With existing electoral law in place, the coalition that nominated Benny Laos were allowed to name a replacement candidate in seven days after his death. The coalition that nominated Benny which includes NasDem, Demokrat, PPP, PKB, PAN, PSI, Gelora, and Labour nominated his widow, Sherly Tjoanda in his place. Her candidacy was confirmed by KPU on 24 October 2024.

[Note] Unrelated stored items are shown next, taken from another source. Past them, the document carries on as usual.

lemma ecdf_upper_set_Inf_le_iff:
  fixes x :: "nat \<Rightarrow> real"
  assumes n: "n \<ge> 1" and up: "\<And>a b. P a \<Longrightarrow> a \<le> b \<Longrightarrow> P b" and "\<not> P 0" "P 1"
  shows "Inf {y. P (ecdf n x y)} \<le> y \<longleftrightarrow> P (ecdf n x y)"
proof -
  define S where "S = {y. P (ecdf n x y)}"
  define T where "T = S \<inter> x ` {1..n}"
  have sample_below: "\<exists>t\<in>T. t \<le> y" if "y \<in> S" for y
  proof -
    have "ecdf n x y \<noteq> 0" using that \<open>\<not> P 0\<close> by (auto simp: S_def)
    then obtain i where "i \<in> {1..n}" "x i \<le> y" by (fastforce simp: ecdf_def)
    then obtain j where j: "j \<in> {1..n}" "x j \<le> y" "{i\<in>{1..n}. x i \<le> x j} = {i\<in>{1..n}. x i \<le> y}"
      by (rule obtain_max_sample_in_downset[where P="\<lambda>t. t \<le> y", OF finite_atLeastAtMost]) auto
    then have "ecdf n x (x j) = ecdf n x y" by (simp add: ecdf_def)
    then show ?thesis using that j by (auto simp: S_def T_def)
  qed
  have "Max (x ` {1..n}) \<in> S"
  proof -
    have "{i\<in>{1..n}. x i \<le> Max (x ` {1..n})} = {1..n}" by auto
    then show ?thesis using n \<open>P 1\<close> by (simp add: S_def ecdf_def)
  qed
  then have T: "T \<noteq> {}" "finite T" using sample_below by (auto simp: T_def)
  then have "Min T \<in> S" using Min_in[of T] by (simp add: T_def)
  have Min_le: "Min T \<le> y" if "y \<in> S" for y
    using sample_below[OF that] Min_le[OF T(2)] by fastforce
  have "Inf S = Min T" using \<open>Min T \<in> S\<close> Min_le by (intro cInf_eq_minimum) auto
  show ?thesis
  proof
    assume "Inf {y. P (ecdf n x y)} \<le> y"
    then have "ecdf n x (Min T) \<le> ecdf n x y"
      using \<open>Inf S = Min T\<close> by (intro ecdf_mono) (simp add: S_def)
    then show "P (ecdf n x y)" using \<open>Min T \<in> S\<close> up by (simp add: S_def)
  next
    assume "P (ecdf n x y)"
    then show "Inf {y. P (ecdf n x y)} \<le> y"
      using \<open>Inf S = Min T\<close> Min_le by (simp add: S_def)
  qed
qed

lemma Qplus_ecdf_le_iff:
  assumes "n \<ge> 1" "0 \<le> \<gamma>" "\<gamma> < 1"
  shows "Qplus \<gamma> (ecdf n x) \<le> y \<longleftrightarrow> \<gamma> < ecdf n x y"
  unfolding Qplus_def using assms by (intro ecdf_upper_set_Inf_le_iff) auto

lemma Qminus_ecdf_le_iff:
  assumes "n \<ge> 1" "0 < \<gamma>" "\<gamma> \<le> 1"
  shows "Qminus \<gamma> (ecdf n x) \<le> y \<longleftrightarrow> \<gamma> \<le> ecdf n x y"
  unfolding Qminus_def using assms by (intro ecdf_upper_set_Inf_le_iff) auto

lemma Qminus_ecdf_less_iff:
  fixes x :: "nat \<Rightarrow> real"
  assumes n: "n \<ge> 1" and \<gamma>: "0 < \<gamma>" "\<gamma> \<le> 1"
  shows "Qminus \<gamma> (ecdf n x) < q \<longleftrightarrow> \<gamma> * n \<le> card {i\<in>{1..n}. x i < q}"
proof -
  have "Qminus \<gamma> (ecdf n x) < q \<longleftrightarrow> (\<exists>y<q. \<gamma> \<le> ecdf n x y)"
    using Qminus_ecdf_le_iff[OF assms] by (auto intro: le_less_trans)
  also have "\<dots> \<longleftrightarrow> \<gamma> * n \<le> card {i\<in>{1..n}. x i < q}"
  proof
    assume "\<exists>y<q. \<gamma> \<le> ecdf n x y"
    then obtain y where "y < q" "\<gamma> \<le> ecdf n x y" by blast
    then have "\<gamma> * n \<le> card {i\<in>{1..n}. x i \<le> y}"
      using n by (simp add: ecdf_def le_divide_eq)
    moreover have "card {i\<in>{1..n}. x i \<le> y} \<le> card {i\<in>{1..n}. x i < q}"
      using \<open>y < q\<close> by (intro card_mono) auto
    ultimately show "\<gamma> * n \<le> card {i\<in>{1..n}. x i < q}"
      by (meson of_nat_le_iff order_trans)
  next
    assume card: "\<gamma> * n \<le> card {i\<in>{1..n}. x i < q}"
    moreover have "0 < \<gamma> * n" using \<gamma> n by simp
    ultimately have "{i\<in>{1..n}. x i < q} \<noteq> {}" by (metis card.empty not_le of_nat_0)
    then obtain i where "i \<in> {1..n}" "x i < q" by blast
    then obtain j where "x j < q" "{i\<in>{1..n}. x i \<le> x j} = {i\<in>{1..n}. x i < q}"
      by (rule obtain_max_sample_in_downset[where P="\<lambda>t. t < q", OF finite_atLeastAtMost]) auto
    then show "\<exists>y<q. \<gamma> \<le> ecdf n x y"
      using card n by (intro exI[of _ "x j"]) (simp add: ecdf_def le_divide_eq)
  qed
  finally show ?thesis .
qed

section \<open>The two quantile deviations\<close>

context prob_space
begin

lemma cdf_distr_eq_prob:
  assumes [measurable]: "X \<in> borel_measurable M"
  shows "cdf (distr M borel X) t = prob {\<omega> \<in> space M. X \<omega> \<le> t}"
  unfolding cdf_def by (subst measure_distr) (auto intro!: arg_cong[where f=prob])

lemma prob_cdf_Qplus_deviation_le:
  fixes X :: "nat \<Rightarrow> 'a \<Rightarrow> real" and n :: nat
  defines "F \<equiv> \<lambda>i. cdf (distr M borel (X i))"
  assumes n: "n \<ge> 1" and indep: "indep_vars (\<lambda>_. borel) X {1..n}"
    and cont: "\<And>t. isCont (F n) t"
    and \<phi>: "\<And>i t. i \<in> {1..n} \<Longrightarrow> \<bar>F i t - F n t\<bar> \<le> \<phi>"
    and \<gamma>: "0 < \<gamma>" "\<gamma> < 1" and \<delta>: "0 < \<delta>" "\<delta> < 1"
  shows "1 - \<delta> \<le> prob {\<omega> \<in> space M. F n (Qplus \<gamma> (ecdf n (\<lambda>i. X i \<omega>))) - \<gamma> \<le> \<phi> + R_Inf n \<gamma> \<delta>}"
proof -
  have [measurable]: "X i \<in> borel_measurable M" if "i \<in> {1..n}" for i
    using indep that unfolding indep_vars_def by auto
  interpret Fn: real_distribution "distr M borel (X n)" using n by simp
  define c where "c = \<gamma> + \<phi> + R_Inf n \<gamma> \<delta>"
  have "0 < c" using \<gamma> \<delta> \<phi>[of n 0] n R_Inf_nonneg[of \<gamma> \<delta> n] by (simp add: c_def)
  show ?thesis
  proof (cases "c < 1")
    case False
    then have "F n t - \<gamma> \<le> \<phi> + R_Inf n \<gamma> \<delta>" for t
      using Fn.cdf_bounded_prob[of t] by (simp add: F_def c_def)
    then show ?thesis using \<delta> by (simp add: prob_space)
  next
    case True
    obtain q where q: "F n q = c" "\<And>x. F n x \<le> c \<longleftrightarrow> x \<le> q"
      using Fn.continuous_cdf_sublevel_eq_atMost[of c] cont \<open>0 < c\<close> True unfolding F_def by blast
    have "F n (Qplus \<gamma> (ecdf n (\<lambda>i. X i \<omega>))) - \<gamma> \<le> \<phi> + R_Inf n \<gamma> \<delta>
        \<longleftrightarrow> - 1 * (\<Sum>i\<in>{1..n}. indicator {..q} (X i \<omega>)) < - 1 * (\<gamma> * card {1..n})" for \<omega>
      using q(2) Qplus_ecdf_le_iff[of n \<gamma>] n \<gamma>
      by (simp add: c_def ecdf_def sum_indicator_comp_eq_card less_divide_eq algebra_simps)
    then have "{\<omega> \<in> space M. F n (Qplus \<gamma> (ecdf n (\<lambda>i. X i \<omega>))) - \<gamma> \<le> \<phi> + R_Inf n \<gamma> \<delta>}
        = {\<omega> \<in> space M. - 1 * (\<Sum>i\<in>{1..n}. indicator {..q} (X i \<omega>)) < - 1 * (\<gamma> * card {1..n})}"
      by auto
    also have "1 - \<delta> \<le> prob \<dots>"
    proof (rule prob_signed_indicator_sum_less_ge[OF _ _ indep _ _ \<gamma> \<delta>])
      fix i assume i: "i \<in> {1..n}"
      have "R_Inf n \<gamma> \<delta> \<le> F i q - \<gamma>" using \<phi>[OF i, of q] q(1) by (simp add: c_def)
      then show "R_Inf (card {1..n}) \<gamma> \<delta> \<le> - 1 * (\<gamma> - prob {\<omega> \<in> space M. X i \<omega> \<in> {..q}})"
        using i by (simp add: F_def cdf_distr_eq_prob)
    qed (use n in auto)
    finally show ?thesis .
  qed
qed

lemma prob_cdf_Qminus_deviation_le:
  fixes X :: "nat \<Rightarrow> 'a \<Rightarrow> real" and n :: nat
  defines "F \<equiv> \<lambda>i. cdf (distr M borel (X i))"
  assumes n: "n \<ge> 1" and indep: "indep_vars (\<lambda>_. borel) X {1..n}"
    and cont: "\<And>t. isCont (F n) t"
    and \<phi>: "\<And>i t. i \<in> {1..n} \<Longrightarrow> \<bar>F i t - F n t\<bar> \<le> \<phi>"
    and \<gamma>: "0 < \<gamma>" "\<gamma> < 1" and \<delta>: "0 < \<delta>" "\<delta> < 1"
  shows "1 - \<delta> \<le> prob {\<omega> \<in> space M. \<gamma> - F n (Qminus \<gamma> (ecdf n (\<lambda>i. X i \<omega>))) \<le> \<phi> + R_Inf n \<gamma> \<delta>}"
proof -
  have [measurable]: "X i \<in> borel_measurable M" if "i \<in> {1..n}" for i
    using indep that unfolding indep_vars_def by auto
  interpret Fn: real_distribution "distr M borel (X n)" using n by simp
  define c where "c = \<gamma> - \<phi> - R_Inf n \<gamma> \<delta>"
  have "c < 1" using \<gamma> \<delta> \<phi>[of n 0] n R_Inf_nonneg[of \<gamma> \<delta> n] by (simp add: c_def)
  show ?thesis
  proof (cases "0 < c")
    case False
    then have "\<gamma> - F n t \<le> \<phi> + R_Inf n \<gamma> \<delta>" for t
      using Fn.cdf_nonneg[of t] by (simp add: F_def c_def)
    then show ?thesis using \<delta> by (simp add: prob_space)
  next
    case True
    obtain q where q: "F n q = c" "\<And>x. c \<le> F n x \<longleftrightarrow> q \<le> x"
      using Fn.continuous_cdf_superlevel_eq_atLeast[of c] cont \<open>c < 1\<close> True unfolding F_def by blast
    have "\<gamma> - F n (Qminus \<gamma> (ecdf n (\<lambda>i. X i \<omega>))) \<le> \<phi> + R_Inf n \<gamma> \<delta>
        \<longleftrightarrow> 1 * (\<Sum>i\<in>{1..n}. indicator {..<q} (X i \<omega>)) < 1 * (\<gamma> * card {1..n})" for \<omega>
    proof -
      have "\<gamma> - F n (Qminus \<gamma> (ecdf n (\<lambda>i. X i \<omega>))) \<le> \<phi> + R_Inf n \<gamma> \<delta>
          \<longleftrightarrow> q \<le> Qminus \<gamma> (ecdf n (\<lambda>i. X i \<omega>))"
        using q(2)[of "Qminus \<gamma> (ecdf n (\<lambda>i. X i \<omega>))"] unfolding c_def by linarith
      also have "\<dots> \<longleftrightarrow> \<not> \<gamma> * n \<le> card {i\<in>{1..n}. X i \<omega> < q}"
        using Qminus_ecdf_less_iff[of n \<gamma> "\<lambda>i. X i \<omega>" q] n \<gamma> by (simp add: not_less[symmetric])
      finally show ?thesis by (simp add: sum_indicator_comp_eq_card not_le)
    qed
    then have "{\<omega> \<in> space M. \<gamma> - F n (Qminus \<gamma> (ecdf n (\<lambda>i. X i \<omega>))) \<le> \<phi> + R_Inf n \<gamma> \<delta>}
        = {\<omega> \<in> space M. 1 * (\<Sum>i\<in>{1..n}. indicator {..<q} (X i \<omega>)) < 1 * (\<gamma> * card {1..n})}"
      by auto
    also have "1 - \<delta> \<le> prob \<dots>"
    proof (rule prob_signed_indicator_sum_less_ge[OF _ _ indep _ _ \<gamma> \<delta>])
      fix i assume i: "i \<in> {1..n}"
      have "prob {\<omega> \<in> space M. X i \<omega> \<in> {..<q}} \<le> F i q"
        using i by (simp add: F_def cdf_distr_eq_prob) (intro finite_measure_mono; auto)
      then show "R_Inf (card {1..n}) \<gamma> \<delta> \<le> 1 * (\<gamma> - prob {\<omega> \<in> space M. X i \<omega> \<in> {..<q}})"
        using \<phi>[OF i, of q] q(1) by (simp add: c_def)
    qed (use n in auto)
    finally show ?thesis .
  qed
qed

end

lemma le_Max_SUP:
  fixes f :: "'i \<Rightarrow> 'b \<Rightarrow> real"
  assumes "finite I" "i \<in> I" "\<And>t. f i t \<le> C"
  shows "f i t \<le> Max ((\<lambda>i. SUP t. f i t) ` I)"
proof -
  have "f i t \<le> (SUP t. f i t)" using assms(3) by (intro cSUP_upper bdd_aboveI2) auto
  also have "\<dots> \<le> Max ((\<lambda>i. SUP t. f i t) ` I)" using assms(1,2) by (intro Max_ge) auto
  finally show ?thesis .
qed

lemma (in prob_space) abs_prob_diff_le_1: "\<bar>prob A - prob B\<bar> \<le> 1"
  unfolding abs_le_iff using prob_le_1[of A] prob_le_1[of B] measure_nonneg[of M A] measure_nonneg[of M B]
  by linarith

=== Hate speech allegations ===
Husain Syah of Tidore was reported to the General Election Supervisory Agency (Bawaslu) for allegations of racism committed during the gubernatorial election debate held in Tidore. Husain Syah spoke in Tidore "'ifa no cou lada, lada ngone mancia ua" which translates to "Don't choose the Dutch, white people because they are not our people". The PDI-P, the party that nominated the Sultan of Tidore, defended his statement by saying Husain Syah was quoting Nuku of Tidore and clarified his speech as a warning to not compromise with outsiders and condemned anyone who is offended by the Sultan's words as outsiders while saying that they should broaden their point of view regarding to the quote.

== Results ==

Candidate vote share by district
Husain–Asrul
Aliong–Sahril
Kasuba–Basri
Sherly–Sarbin

| Candidate |  | Running mate | Party | Votes | % |
|  | Sherly Tjoanda | Sarbin Sehe [id] | Independent | 359,416 | 51.68 |
|  | Husain Alting Sjah | Asrul Rasyid Ichsan | Indonesian Democratic Party of Struggle | 168,174 | 24.18 |
|  | Muhammad Kasuba [id] | Basri Salama [id] | Prosperous Justice Party | 91,297 | 13.13 |
|  | Aliong Mus [id] | Sahril Thahir | Golkar | 76,605 | 11.01 |
| Total |  |  |  | 695,492 | 100.00 |
| Valid votes |  |  |  | 695,492 | 98.09 |
| Invalid votes |  |  |  | 13,571 | 1.91 |
| Total votes |  |  |  | 709,063 | 100.00 |
| Registered voters/turnout |  |  |  | 942,076 | 75.27 |
Source: KPU Maluku Utara

== Aftermath ==

Sherly Tjoanda and Sarbin Sehe won the election with 51%. Her victory was hailed as a historic win as she was the first Chinese Indonesian Protestant woman to be elected governor. She along with Hidayat Arsani who won the 2024 Bangka Belitung Islands gubernatorial election, and Ria Norsan who won the 2024 West Kalimantan gubernatorial election, created another historic milestone as the first Chinese Indonesians who were directly elected as Governor after failed attempts to reach this milestone by Basuki Tjahaja Purnama who contested the 2007 Bangka Belitung Islands gubernatorial election and the 2017 Jakarta gubernatorial election.